Personal information
- Native name: Pádraig Mac Ránaill (Irish)
- Born: Walterstown, County Meath, Ireland

Sport
- Sport: Gaelic football
- Position: Half back

Club
- Years: Club
- Walterstown

Inter-county
- Years: County
- ?–?: Meath

Inter-county titles
- Leinster titles: 4
- All-Irelands: 1
- All Stars: 1

= Patrick Reynolds (Gaelic footballer) =

Irish Gaelic footballer

Pat Reynolds is an Irish former Gaelic footballer who played for the Meath county team. He had much success playing inter-county football in the 1960s on the Meath team. He usually played as a halfback. He also played club football for Walterstown. During his playing career he won one Senior All-Ireland medal (1967). When Reynolds played for Meath, they were a very strong team, but Galway beat them in 1964 and 1966. Reynolds continued to play for Meath into the 70s. He played in the first eighty-minute All-Ireland final against Kerry in 1970.

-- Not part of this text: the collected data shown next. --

lemma linear_real_abs_le_sum_Basis:
  fixes f :: "'v::euclidean_space \<Rightarrow> real"
  assumes "linear f" and "norm x \<le> 1"
  shows "\<bar>f x\<bar> \<le> (\<Sum>i\<in>Basis. \<bar>f i\<bar>)"
proof -
  have "\<bar>f x\<bar> \<le> (\<Sum>i\<in>Basis. \<bar>x \<bullet> i\<bar> * \<bar>f i\<bar>)"
    unfolding linear_real_eq_sum_Basis[OF assms(1), of x]
    by (metis (no_types, lifting) abs_mult sum.cong sum_abs)
  also have "\<dots> \<le> (\<Sum>i\<in>Basis. \<bar>f i\<bar>)"
    using Basis_le_norm[of _ x] assms(2)
    by (intro sum_mono mult_left_le_one_le) (auto intro: order_trans)
  finally show ?thesis .
qed

lemma Sup_Inf_bounds_of_zero_sums:
  fixes K :: "real set"
  assumes "K \<noteq> {}" "bdd_above K" "bdd_below K"
    and zero_sum: "\<And>k. k \<in> K \<Longrightarrow> \<exists>(W :: 'a set) f. card W = m \<and> f ` W \<subseteq> K \<and> k + sum f W = 0"
  shows "Sup K \<le> - real m * Inf K" and "- real m * Sup K \<le> Inf K"
proof -
  have "k \<le> - real m * Inf K \<and> - real m * Sup K \<le> k" if k: "k \<in> K" for k
  proof -
    obtain W :: "'a set" and f where W: "card W = m" "f ` W \<subseteq> K" "k + sum f W = 0"
      using zero_sum[OF k] by blast
    have "Inf K \<le> f i" "f i \<le> Sup K" if "i \<in> W" for i
      using W(2) that assms(2,3) by (simp_all add: image_subset_iff cInf_lower cSup_upper)
    then have "real m * Inf K \<le> sum f W" "sum f W \<le> real m * Sup K"
      using sum_bounded_below[of W "Inf K" f] sum_bounded_above[of W f "Sup K"] W(1) by auto
    then show ?thesis using W(3) by linarith
  qed
  then show "Sup K \<le> - real m * Inf K" "- real m * Sup K \<le> Inf K"
    using assms(1) by (meson cSup_least cInf_greatest)+
qed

He was picked for the left halfback position in 1971, the first year of the All Star Awards, making him Meath's first all star and the only one that season.

Pat was a selector on the Meath team when Seán Boylan was in charge during the 1980s and early 1990s, and during this time Meath won two All-Ireland titles.

His son Paddy won two All-Ireland medals with Meath and one All Star.

Pat is a potato farmer in Garlow Cross in Co Meath supplying among others the Tayto brand. His son Paddy also is involved with the business.